1. A hydraulic ride control system for a working vehicle, said system being provided with a hydraulic cylinder, an actuator control valve for controlling a pressure in a pressure chamber of said hydraulic cylinder, an accumulator connected to said pressure chamber of said hydraulic cylinder via a connection line, an opening control valve having a pilot chamber for selectively communicating or cutting off said connection line depending on a pressure in said pilot chamber, and a selector means for selectively feeding a pressure to or draining a pressure from said pilot chamber,

wherein said selector means comprises a control means for variably controlling an opening of said opening control valve.

2. A hydraulic ride control system according to claim 1, wherein said selector means comprises a solenoid-operated proportional valve for controlling said opening control valve.
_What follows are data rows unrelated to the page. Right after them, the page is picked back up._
text \<open>Write the cut polytope condition as gram v = sum_k w_k s_k s_k^T with sign vectors s_k.
  Then the v_i are unit vectors, and the factorisation gram v = sum_k p_k p_k^T with
  p_k = sqrt w_k s_k is realised in R^r: there are q_k with q_k . v_i = p_k(i) which, together
  with an orthonormal basis of the orthogonal complement of span {v_i}, form a Parseval frame.
  The matrix M = sum_k (s_k (x) q_k)(s_k (x) q_k)^T + sum_e (1 (x) e)(1 (x) e)^T then has identity
  diagonal blocks, is separable, and v^T M v = sum_k (N sqrt w_k)^2 = N^2.

  Conversely, for separable M = sum_k d_k (a_k a_k^T) (x) (b_k b_k^T) with identity diagonal
  blocks, v^T M v is at most N sum_i |v_i|^2 by Cauchy-Schwarz; equality forces
  a_k(i) (b_k . v_i) to be independent of i, which makes every v_i a unit vector and
  exhibits gram v as a convex combination of s s^T with s_k(i) the sign of b_k . v_i.\<close>

definition sign_vector :: "real^'n \<Rightarrow> bool" where
  "sign_vector x \<longleftrightarrow> (\<forall>i. x$i = 1 \<or> x$i = -1)"

definition parseval_frame :: "'j set \<Rightarrow> ('j \<Rightarrow> 'a::real_inner) \<Rightarrow> bool" where
  "parseval_frame J f \<longleftrightarrow> (\<forall>x y. (\<Sum>j\<in>J. (f j \<bullet> x) * (f j \<bullet> y)) = x \<bullet> y)"

lemma sign_vector_square: "sign_vector x \<Longrightarrow> (x$i)^2 = 1"
  unfolding sign_vector_def by (metis power2_minus power_one)

lemma cut_polytope_sign_vectors: "cut_polytope = convex hull (outer ` Collect sign_vector)"
  unfolding cut_polytope_def sign_vector_def by (simp add: image_def Bex_def conj_commute)

lemma cut_polytopeE:
  assumes "X \<in> cut_polytope"
  obtains K :: "nat set" and w s where "finite K" "\<And>k. k \<in> K \<Longrightarrow> 0 \<le> w k \<and> sign_vector (s k)"
    "sum w K = 1" "X = (\<Sum>k\<in>K. w k *\<^sub>R outer (s k))"
proof -
  obtain m :: nat and w P where P: "\<forall>k\<in>{1..m}. 0 \<le> w k \<and> P k \<in> outer ` Collect sign_vector"
    and w1: "sum w {1..m} = 1" and X: "(\<Sum>k = 1..m. w k *\<^sub>R P k) = X"
    using assms unfolding cut_polytope_sign_vectors convex_hull_indexed by blast
  define s where "s k = (SOME x. sign_vector x \<and> P k = outer x)" for k
  have s: "sign_vector (s k) \<and> P k = outer (s k)" if "k \<in> {1..m}" for k
  proof -
    have "\<exists>x. sign_vector x \<and> P k = outer x" using P that by blast
    then show ?thesis unfolding s_def by (rule someI_ex)
  qed
  show ?thesis
  proof (rule that[of "{1..m}" w s])
    show "X = (\<Sum>k\<in>{1..m}. w k *\<^sub>R outer (s k))"
      unfolding X[symmetric] using s by (auto intro: sum.cong)
  qed (use P s w1 in auto)
qed

lemma sum_outer_sign_vectors_in_cut_polytope:
  assumes "finite K" "\<And>k. k \<in> K \<Longrightarrow> 0 \<le> w k \<and> sign_vector (s k)" "sum w K = 1"
  shows "(\<Sum>k\<in>K. w k *\<^sub>R outer (s k)) \<in> cut_polytope"
  unfolding cut_polytope_sign_vectors
  using assms by (intro convex_sum) (auto intro: hull_inc)

lemma outer_scaleR: "outer (c *\<^sub>R x) = (c * c) *\<^sub>R outer x"
  by (simp add: vec_eq_iff outer_def)

lemma sum_outer_component:
  "(\<Sum>k\<in>K. c k *\<^sub>R outer (w k)) $ p $ q = (\<Sum>k\<in>K. c k * (w k $ p * w k $ q))"
  by (simp add: outer_def)
lemma Min_tau_bar_le:
  fixes tau :: "'q::finite \<Rightarrow> 'ap set \<Rightarrow> 'q" and f :: "'q \<Rightarrow> real"
  assumes "dist y (hh xh') \<le> eps"
  shows "Min (f ` tau_bar tau Lab hh eps q xh') \<le> f (tau q (Lab y))"
proof (rule Min_le)
  show "f (tau q (Lab y)) \<in> f ` tau_bar tau Lab hh eps q xh'"
    using assms unfolding tau_bar_def by blast
qed simp

lemma robust_integrand_le_bellman_integrand:
  fixes tau :: "'q::finite \<Rightarrow> 'ap set \<Rightarrow> 'q"
    and V :: "'xh \<Rightarrow> 'q \<Rightarrow> real" and Vp :: "'xh \<Rightarrow> 'x \<Rightarrow> 'q \<Rightarrow> real"
  assumes "0 \<le> eps"
    and "\<And>xh' x'. (xh', x') \<in> R \<Longrightarrow> dist (hh xh') (h x') \<le> eps"
    and "\<And>xh' x' q'. (xh', x') \<in> R \<Longrightarrow> V xh' q' \<le> Vp xh' x' q'"
    and "\<And>xh' q'. V xh' q' \<le> 1"
    and "\<And>xh' x' q'. 0 \<le> Vp xh' x' q'"
  shows "Min ((\<lambda>q'. max (indicator F q') (V xh' q')) ` tau_bar tau Lab hh eps q xh')
           \<le> max (indicator F (tau q (Lab (h x')))) (Vp xh' x' (tau q (Lab (h x'))))
             + indicator (- R) (xh', x')"
    (is "?G \<le> _")
proof (cases "(xh', x') \<in> R")
  case True
  then have "dist (h x') (hh xh') \<le> eps"
    using assms(2) by (simp add: dist_commute)
  then have "?G \<le> max (indicator F (tau q (Lab (h x')))) (V xh' (tau q (Lab (h x'))))"
    by (rule Min_tau_bar_le)
  also have "\<dots> \<le> max (indicator F (tau q (Lab (h x')))) (Vp xh' x' (tau q (Lab (h x'))))"
    using assms(3)[OF True] by (rule max.mono[OF order_refl])
  finally show ?thesis
    using True by simp
next
  case False
  have "?G \<le> max (indicator F (tau q (Lab (hh xh')))) (V xh' (tau q (Lab (hh xh'))))"
    using assms(1) by (intro Min_tau_bar_le) simp
  also have "\<dots> \<le> 1"
    using assms(4) by (simp add: indicator_def)
  finally have "?G \<le> 1" .
  moreover have "0 \<le> max (indicator F (tau q (Lab (h x')))) (Vp xh' x' (tau q (Lab (h x'))))"
    using assms(5) by (simp add: le_max_iff_disj)
  ultimately show ?thesis
    using False by simp
qed

lemma bellman_integrand_measurable:
  fixes tau :: "'q::finite \<Rightarrow> 'ap set \<Rightarrow> 'q"
    and h :: "'x::second_countable_topology \<Rightarrow> 'y::topological_space"
    and Vp :: "'xh::second_countable_topology \<Rightarrow> 'x \<Rightarrow> 'q \<Rightarrow> real"
  assumes h: "h \<in> borel_measurable borel"
    and Lab: "Lab \<in> borel \<rightarrow>\<^sub>M count_space UNIV"
    and Vp: "\<And>q'. (\<lambda>(xh, x). Vp xh x q') \<in> borel_measurable borel"
  shows "(\<lambda>z. max (indicator F (tau q (Lab (h (snd z))))) (Vp (fst z) (snd z) (tau q (Lab (h (snd z))))))
           \<in> borel_measurable borel"
proof (rule measurable_compose_countable'[where g = "\<lambda>z. tau q (Lab (h (snd z)))"])
  show "(\<lambda>z. max (indicator F q') (Vp (fst z) (snd z) q')) \<in> borel_measurable borel" for q'
    using Vp[of q'] by (simp add: case_prod_beta')
  have "snd \<in> (borel :: ('xh \<times> 'x) measure) \<rightarrow>\<^sub>M borel"
    unfolding borel_prod[symmetric] by (rule measurable_snd)
  then have "(\<lambda>z. Lab (h (snd z))) \<in> (borel :: ('xh \<times> 'x) measure) \<rightarrow>\<^sub>M count_space UNIV"
    using measurable_compose[OF measurable_compose[OF _ h] Lab] by blast
  then show "(\<lambda>z. tau q (Lab (h (snd z)))) \<in> (borel :: ('xh \<times> 'x) measure) \<rightarrow>\<^sub>M count_space UNIV"
    by (rule measurable_compose) simp
qed simp

theorem lemma3:
  fixes that :: "'xh::polish_space \<Rightarrow> 'uh::polish_space \<Rightarrow> 'xh measure"
    and hh :: "'xh \<Rightarrow> 'y::metric_space" and xh0 :: 'xh
    and t :: "'x::polish_space \<Rightarrow> 'u::polish_space \<Rightarrow> 'x measure"
    and h :: "'x \<Rightarrow> 'y" and x0 :: 'x
    and Uv :: "'uh \<Rightarrow> 'xh \<Rightarrow> 'x \<Rightarrow> 'u measure"
    and R :: "('xh \<times> 'x) set"
    and W :: "'uh \<Rightarrow> 'xh \<Rightarrow> 'x \<Rightarrow> ('xh \<times> 'x) measure"
    and eps delta :: real
    and Lab :: "'y \<Rightarrow> 'ap::finite set"
    and tau :: "'q::finite \<Rightarrow> 'ap set \<Rightarrow> 'q" and F :: "'q set"
    and mu :: "'xh \<Rightarrow> 'q \<Rightarrow> 'uh"
    and V :: "'xh \<Rightarrow> 'q \<Rightarrow> real"
    and Vp :: "'xh \<Rightarrow> 'x \<Rightarrow> 'q \<Rightarrow> real"
  assumes Mhat: "gmdp_kernel that hh"
    and M: "gmdp_kernel t h"
    and sim: "approx_sim eps delta that hh xh0 t h x0 Uv R W"
    and Lab_meas: "Lab \<in> borel \<rightarrow>\<^sub>M count_space UNIV"
    and V_range: "\<And>xh q. V xh q \<in> {0..1}"
    and Vp_range: "\<And>xh x q. Vp xh x q \<in> {0..1}"
    and Vp_meas: "\<And>q. (\<lambda>(xh, x). Vp xh x q) \<in> borel_measurable borel"
    and V_le: "\<And>xh x q. (xh, x) \<in> R \<Longrightarrow> V xh q \<le> Vp xh x q"
  shows "\<forall>(xh, x) \<in> R. \<forall>q.
           robust_op that hh Lab tau F eps delta mu V xh q \<le> bellman_op W h Lab tau F mu Vp xh x q"
proof (intro ballI allI, clarify)
  fix xh x q
  assume xR: "(xh, x) \<in> R"
  let ?W = "W (mu xh q) xh x"
  let ?G = "\<lambda>xh'. Min ((\<lambda>q'. max (indicator F q') (V xh' q')) ` tau_bar tau Lab hh eps q xh')"
  let ?Phi = "\<lambda>z. max (indicator F (tau q (Lab (h (snd z))))) (Vp (fst z) (snd z) (tau q (Lab (h (snd z)))))"
  note W = approx_sim_lifted_kernel[OF sim xR, of "mu xh q"]
  have Phi_nonneg: "0 \<le> ?Phi z" for z
    by (simp add: le_max_iff_disj)
  have "h \<in> borel_measurable borel"
    using M unfolding gmdp_kernel_def by blast
  then have "?Phi \<in> borel_measurable borel"
    by (rule bellman_integrand_measurable[OF _ Lab_meas Vp_meas])
  then have "?Phi \<in> borel_measurable ?W"
    by (simp add: measurable_cong_sets[OF W(2) refl])
  then have Phi_integrable: "integrable ?W ?Phi"
    using W(1) Vp_range unfolding subprob_space_def
    by (intro finite_measure.integrable_const_bound[where B = 1]) (auto simp: indicator_def)
  have "?G (fst z) \<le> ?Phi z + indicator (- R) z" for z
  proof (cases z)
    case (Pair xh' x')
    show ?thesis
      unfolding Pair fst_conv snd_conv
      using approx_sim_eps_nonneg[OF sim] approx_sim_dist_le[OF sim] V_le V_range Vp_range
      by (intro robust_integrand_le_bellman_integrand) auto
  qed
  from integral_distr_fst_le[OF W(1-3) Phi_integrable Phi_nonneg this]
  have "integral\<^sup>L (that xh (mu xh q)) ?G - delta \<le> integral\<^sup>L ?W ?Phi"
    using W(4,5) by simp
  then show "robust_op that hh Lab tau F eps delta mu V xh q \<le> bellman_op W h Lab tau F mu Vp xh x q"
    unfolding robust_op_def bellman_op_def
    using Phi_nonneg by (intro clip01_le Bochner_Integration.integral_nonneg) auto
qed

end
3. A hydraulic ride control system according to claim 1, wherein said hydraulic ride control system further comprises a load pressure detection means for detecting a load pressure on said hydraulic cylinder and outputting a signal corresponding to said load pressure; and responsive to a signal outputted from said load pressure detection means, said control means changes said opening of said opening control valve.

4. A hydraulic ride control system according to claim 1, wherein said hydraulic ride control system further comprises a vehicle speed detection means for detecting a vehicle speed of said working vehicle and outputting a signal corresponding to said vehicle speed; and responsive to a signal outputted from said vehicle speed detection means, said control means changes said opening of said opening control valve.

5. A hydraulic ride control system according to claim 1, wherein said hydraulic ride control system further comprises an opening instruction means for outputting, responsive to an input by an operator, a signal that instructs an opening of said opening control valve; and responsive to said signal outputted from said opening instruction means, said control means changes said opening of said opening control valve.

6. A hydraulic ride control system according to claim 1, wherein said hydraulic ride control system further comprises a selector valve arranged on a bypass line branching out from said connection line and disposed in parallel with said opening control valve such that said bypass line is normally maintained in communication but is cut off when a load pressure on said hydraulic cylinder has increased to at least a predetermined pressure.

7. A hydraulic ride control system according to claim 6, wherein a check valve is arranged on said bypass line to bleed a pressure only from said hydraulic cylinder to said accumulator.